(Available data begins)

lemma real_symmetric_diagonalization:
  fixes A :: "real mat"
  assumes "A \<in> carrier_mat n n" "A\<^sup>T = A"
  shows "\<exists>Q D. Q \<in> carrier_mat n n \<and> D \<in> carrier_mat n n \<and> Q\<^sup>T * Q = 1\<^sub>m n \<and>
    diagonal_mat D \<and> A * Q = Q * D"
  using assms
proof (induction n arbitrary: A)
  case 0
  show ?case
    by (rule exI[of _ "1\<^sub>m 0"], rule exI[of _ "0\<^sub>m 0 0"])
       (use 0 in \<open>auto simp: diagonal_mat_def intro!: eq_matI\<close>)
next
  case (Suc m A)
  obtain H e A' where H: "H \<in> carrier_mat (Suc m) (Suc m)" "H\<^sup>T = H" "H * H = 1\<^sub>m (Suc m)"
    and A': "A' \<in> carrier_mat m m" "A'\<^sup>T = A'"
    and HAH: "H * A * H = four_block_mat (mat 1 1 (\<lambda>_. e)) (0\<^sub>m 1 m) (0\<^sub>m m 1) A'"
    using real_symmetric_deflation[OF Suc.prems] by blast
  obtain Q' D' where Q': "Q' \<in> carrier_mat m m" "D' \<in> carrier_mat m m" "Q'\<^sup>T * Q' = 1\<^sub>m m"
    "diagonal_mat D'" "A' * Q' = Q' * D'"
    using Suc.IH[OF A'] by blast
  define E where "E = mat 1 1 (\<lambda>_. e)"
  define K where "K = four_block_mat (1\<^sub>m 1) (0\<^sub>m 1 m) (0\<^sub>m m 1) Q'"
  define D where "D = four_block_mat E (0\<^sub>m 1 m) (0\<^sub>m m 1) D'"
  have E: "E \<in> carrier_mat 1 1" by (simp add: E_def)
  have K: "K \<in> carrier_mat (Suc m) (Suc m)" unfolding K_def using Q' by auto
  have D: "D \<in> carrier_mat (Suc m) (Suc m)" unfolding D_def using Q' E by auto
  have A: "A \<in> carrier_mat (Suc m) (Suc m)" using Suc.prems by simp
  have KK: "K\<^sup>T * K = 1\<^sub>m (Suc m)"
    unfolding K_def using Q' four_block_one_mat[of 1 m]
    by (simp add: transpose_four_block_diag_mat mult_four_block_diag_mat)
  have HH: "H * (H * X) = X" if "X \<in> carrier_mat (Suc m) (Suc m)" for X
    using H that by (simp add: assoc_mult_mat[of H "Suc m" "Suc m" H "Suc m" X "Suc m", symmetric])
  have orth: "(H * K)\<^sup>T * (H * K) = 1\<^sub>m (Suc m)"
    using H K KK HH[OF K] by (simp add: transpose_mult[of _ "Suc m" "Suc m"]
        assoc_mult_mat[of _ "Suc m" "Suc m" _ "Suc m" _ "Suc m"])
  have "A * (H * K) = H * ((H * A * H) * K)"
    using A H K HH[of "A * (H * K)"]
      by (simp add: assoc_mult_mat[of _ "Suc m" "Suc m" _ "Suc m" _ "Suc m"])
  also have "(H * A * H) * K = K * D"
    unfolding HAH K_def D_def E_def[symmetric] using Q' E A'
    by (simp add: mult_four_block_diag_mat)
  finally have "A * (H * K) = (H * K) * D"
    using H K D by (simp add: assoc_mult_mat[of _ "Suc m" "Suc m" _ "Suc m" _ "Suc m"])
  moreover have "diagonal_mat D"
    using Q'(2,4) unfolding D_def diagonal_mat_def by (auto simp: E_def)
  ultimately show ?case using H K D orth by (intro exI[of _ "H * K"] exI[of _ D]) auto
qed

definition dot :: "nat \<Rightarrow> (nat \<Rightarrow> real) \<Rightarrow> (nat \<Rightarrow> real) \<Rightarrow> real" where
  "dot n x y = (\<Sum>k<n. x k * y k)"

definition mat_app :: "nat \<Rightarrow> real mat \<Rightarrow> (nat \<Rightarrow> real) \<Rightarrow> nat \<Rightarrow> real" where
  "mat_app n M x = (\<lambda>r. \<Sum>k<n. M $$ (r,k) * x k)"

definition symmetric_mat :: "nat \<Rightarrow> real mat \<Rightarrow> bool" where
  "symmetric_mat n M \<longleftrightarrow> (\<forall>i<n. \<forall>j<n. M $$ (i,j) = M $$ (j,i))"

definition orthonormal :: "nat \<Rightarrow> 'a set \<Rightarrow> ('a \<Rightarrow> nat \<Rightarrow> real) \<Rightarrow> bool" where
  "orthonormal n J w \<longleftrightarrow> (\<forall>i\<in>J. \<forall>j\<in>J. dot n (w i) (w j) = (if i = j then 1 else 0))"

definition orthonormal_eigenbasis ::
    "nat \<Rightarrow> real mat \<Rightarrow> (nat \<Rightarrow> nat \<Rightarrow> real) \<Rightarrow> (nat \<Rightarrow> real) \<Rightarrow> bool" where
  "orthonormal_eigenbasis n M q lam \<longleftrightarrow> orthonormal n {..<n} q \<and>
     (\<forall>i<n. \<forall>r<n. mat_app n M (q i) r = lam i * q i r) \<and>
     (\<forall>r<n. \<forall>s<n. (\<Sum>i<n. q i r * q i s) = (if r = s then 1 else 0))"

lemma dot_commute: "dot n x y = dot n y x"
  by (simp add: dot_def mult.commute)

lemma dot_cong:
  "(\<And>v. v < n \<Longrightarrow> x v = x' v) \<Longrightarrow> (\<And>v. v < n \<Longrightarrow> y v = y' v) \<Longrightarrow> dot n x y = dot n x' y'"
  unfolding dot_def by (rule sum.cong) auto

lemma mat_app_cong: "(\<And>v. v < n \<Longrightarrow> x v = x' v) \<Longrightarrow> mat_app n M x r = mat_app n M x' r"
  unfolding mat_app_def by (rule sum.cong) auto

lemma orthonormal_subset: "orthonormal n J w \<Longrightarrow> I \<subseteq> J \<Longrightarrow> orthonormal n I w"
  unfolding orthonormal_def by blast

lemma eigenbasis_expansion:
  assumes E: "orthonormal_eigenbasis n M q lam" and r: "r < n"
  shows "x r = (\<Sum>i<n. dot n x (q i) * q i r)"
proof -
  have "(\<Sum>i<n. dot n x (q i) * q i r) = (\<Sum>i<n. \<Sum>k<n. x k * (q i k * q i r))"
    by (simp add: dot_def sum_distrib_right mult.assoc)
  also have "\<dots> = (\<Sum>k<n. x k * (\<Sum>i<n. q i k * q i r))"
    by (subst sum.swap) (simp add: sum_distrib_left)
  also have "\<dots> = (\<Sum>k<n. x k * (if k = r then 1 else 0))"
    using E r unfolding orthonormal_eigenbasis_def by (intro sum.cong) auto
  also have "\<dots> = x r" using r by (simp add: if_distrib cong: if_cong)
  finally show ?thesis by simp
qed

lemma eigenbasis_parseval:
  assumes E: "orthonormal_eigenbasis n M q lam"
  shows "dot n x y = (\<Sum>i<n. dot n x (q i) * dot n y (q i))"
proof -
  have "dot n x y = (\<Sum>r<n. (\<Sum>i<n. dot n x (q i) * q i r) * y r)"
    unfolding dot_def[of n x y]
  proof (rule sum.cong[OF refl])
    fix r assume "r \<in> {..<n}"
    thus "x r * y r = (\<Sum>i<n. dot n x (q i) * q i r) * y r"
      using eigenbasis_expansion[OF E, of r x] by simp
  qed
  also have "\<dots> = (\<Sum>i<n. dot n x (q i) * (\<Sum>r<n. y r * q i r))"
    by (simp add: sum_distrib_right sum_distrib_left mult_ac) (rule sum.swap)
  also have "\<dots> = (\<Sum>i<n. dot n x (q i) * dot n y (q i))" by (simp add: dot_def)
  finally show ?thesis .
qed

lemma dot_mat_app_symmetric:
  assumes "symmetric_mat n M"
  shows "dot n x (mat_app n M y) = dot n (mat_app n M x) y"
proof -
  have "dot n x (mat_app n M y) = (\<Sum>r<n. \<Sum>k<n. x r * M $$ (r,k) * y k)"
    by (simp add: dot_def mat_app_def sum_distrib_left mult.assoc)
  also have "\<dots> = (\<Sum>k<n. \<Sum>r<n. x r * M $$ (r,k) * y k)" by (rule sum.swap)
  also have "\<dots> = dot n (mat_app n M x) y"
    unfolding dot_def mat_app_def sum_distrib_right
    by (intro sum.cong refl) (use assms in \<open>auto simp: symmetric_mat_def mult_ac\<close>)
  finally show ?thesis .
qed

lemma dot_eigenvector:
  assumes "\<And>r. r < n \<Longrightarrow> mat_app n M p r = \<mu> * p r"
  shows "dot n x (mat_app n M p) = \<mu> * dot n x p"
  unfolding dot_def by (simp add: assms sum_distrib_left mult_ac)

lemma eigenbasis_eigenvector:
  "orthonormal_eigenbasis n M q lam \<Longrightarrow> i < n \<Longrightarrow> r < n \<Longrightarrow> mat_app n M (q i) r = lam i * q i r"
  unfolding orthonormal_eigenbasis_def by blast

lemma eigenbasis_orthonormal:
  "orthonormal_eigenbasis n M q lam \<Longrightarrow> I \<subseteq> {..<n} \<Longrightarrow> orthonormal n I q"
  unfolding orthonormal_eigenbasis_def using orthonormal_subset by blast

lemma eigenbasis_quad_form:
  assumes "orthonormal_eigenbasis n M q lam" and "i < n"
  shows "dot n (q i) (mat_app n M (q i)) = lam i"
proof -
  have "dot n (q i) (mat_app n M (q i)) = lam i * dot n (q i) (q i)"
    by (rule dot_eigenvector) (rule eigenbasis_eigenvector[OF assms])
  also have "dot n (q i) (q i) = 1"
    using assms by (simp add: orthonormal_eigenbasis_def orthonormal_def)
  finally show ?thesis by simp
qed

lemma eigenbasis_rayleigh:
  assumes E: "orthonormal_eigenbasis n M q lam" and S: "symmetric_mat n M"
  shows "dot n x (mat_app n M x) = (\<Sum>i<n. lam i * (dot n x (q i))^2)"
proof -
  have "dot n (mat_app n M x) (q i) = lam i * dot n x (q i)" if "i < n" for i
    using dot_mat_app_symmetric[OF S, of x "q i"] dot_eigenvector[of n M "q i" "lam i" x]
      eigenbasis_eigenvector[OF E that] by simp
  hence "(\<Sum>i<n. dot n x (q i) * dot n (mat_app n M x) (q i)) = (\<Sum>i<n. lam i * (dot n x (q i))^2)"
    by (intro sum.cong) (auto simp: power2_eq_square)
  thus ?thesis using eigenbasis_parseval[OF E, of x "mat_app n M x"] by simp
qed

lemma bessel_inequality:
  assumes O: "orthonormal n J w" and J: "finite J"
  shows "(\<Sum>j\<in>J. (dot n x (w j))^2) \<le> dot n x x"
proof -
  define c where "c j = dot n x (w j)" for j
  define z where "z r = (\<Sum>j\<in>J. c j * w j r)" for r
  have xz: "dot n x z = (\<Sum>j\<in>J. (c j)^2)"
  proof -
    have "dot n x z = (\<Sum>j\<in>J. c j * dot n x (w j))"
      unfolding dot_def z_def by (simp add: sum_distrib_left sum.swap[of _ "{..<n}"] mult_ac)
    thus ?thesis by (simp add: c_def power2_eq_square)
  qed
  have "dot n z z = (\<Sum>j\<in>J. c j * dot n (w j) z)"
    unfolding dot_def z_def
    by (simp add: sum_distrib_left sum_distrib_right sum.swap[of _ "{..<n}"] mult_ac)
  also have "\<dots> = (\<Sum>j\<in>J. c j * (\<Sum>l\<in>J. c l * dot n (w j) (w l)))"
    unfolding z_def dot_def by (simp add: sum_distrib_left sum.swap[of _ "{..<n}"] mult_ac)
  also have "\<dots> = (\<Sum>j\<in>J. c j * (\<Sum>l\<in>J. c l * (if j = l then 1 else 0)))"
    using O unfolding orthonormal_def by (intro sum.cong refl) auto
  also have "\<dots> = (\<Sum>j\<in>J. (c j)^2)"
    using J by (simp add: power2_eq_square if_distrib cong: if_cong)
  finally have zz: "dot n z z = (\<Sum>j\<in>J. (c j)^2)" .
  have "0 \<le> (\<Sum>r<n. (x r - z r)^2)" by (simp add: sum_nonneg)
  also have "\<dots> = dot n x x - 2 * dot n x z + dot n z z"
    by (simp add: dot_def power2_eq_square algebra_simps sum.distrib sum_subtractf sum_distrib_left)
  finally show ?thesis using xz zz by (simp add: c_def)
qed

text \<open>Hypothesis \<open>span\<close> is Parseval's identity: every \<open>p j\<close> lies in the span of the \<open>e c\<close>.\<close>

lemma orthonormal_card_le:
  assumes p: "orthonormal n J p" "finite J" and e: "orthonormal n I e" "finite I"
    and span: "\<And>j. j \<in> J \<Longrightarrow> dot n (p j) (p j) = (\<Sum>c\<in>I. (dot n (p j) (e c))^2)"
  shows "card J \<le> card I"
proof -
  have "real (card J) = (\<Sum>j\<in>J. dot n (p j) (p j))" using p unfolding orthonormal_def by simp
  also have "\<dots> = (\<Sum>c\<in>I. \<Sum>j\<in>J. (dot n (e c) (p j))^2)"
    by (simp add: span sum.swap[of _ J] dot_commute)
  also have "\<dots> \<le> (\<Sum>c\<in>I. dot n (e c) (e c))" by (rule sum_mono) (rule bessel_inequality[OF p])
  also have "\<dots> = real (card I)" using e unfolding orthonormal_def by simp
  finally show ?thesis by simp
qed

lemma dot_eigenvector_eigenbasis_eq_0:
  assumes E: "orthonormal_eigenbasis n M q lam" and S: "symmetric_mat n M" and i: "i < n"
    and p: "\<And>r. r < n \<Longrightarrow> mat_app n M p r = \<mu> * p r" and ne: "lam i \<noteq> \<mu>"
  shows "dot n p (q i) = 0"
proof -
  have "lam i * dot n p (q i) = dot n p (mat_app n M (q i))"
    using dot_eigenvector[of n M "q i" "lam i" p] eigenbasis_eigenvector[OF E i] by simp
  also have "\<dots> = dot n (mat_app n M p) (q i)" by (rule dot_mat_app_symmetric[OF S])
  also have "\<dots> = dot n (q i) (mat_app n M p)" by (rule dot_commute)
  also have "\<dots> = \<mu> * dot n p (q i)" by (simp add: dot_eigenvector[OF p] dot_commute)
  finally show ?thesis using ne by simp
qed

(Available data ends)

§ Directions for this task: For this task, write out exactly the lines of the entries above, starting at the line with "(\<forall>r<n. \<forall>s<n. (\<Sum>i<n." and ending at the line with "unfolding mat_app_def by", both included, and no others.

§ Solution to this exercise:
     (\<forall>r<n. \<forall>s<n. (\<Sum>i<n. q i r * q i s) = (if r = s then 1 else 0))"

lemma dot_commute: "dot n x y = dot n y x"
  by (simp add: dot_def mult.commute)

lemma dot_cong:
  "(\<And>v. v < n \<Longrightarrow> x v = x' v) \<Longrightarrow> (\<And>v. v < n \<Longrightarrow> y v = y' v) \<Longrightarrow> dot n x y = dot n x' y'"
  unfolding dot_def by (rule sum.cong) auto

lemma mat_app_cong: "(\<And>v. v < n \<Longrightarrow> x v = x' v) \<Longrightarrow> mat_app n M x r = mat_app n M x' r"
  unfolding mat_app_def by (rule sum.cong) auto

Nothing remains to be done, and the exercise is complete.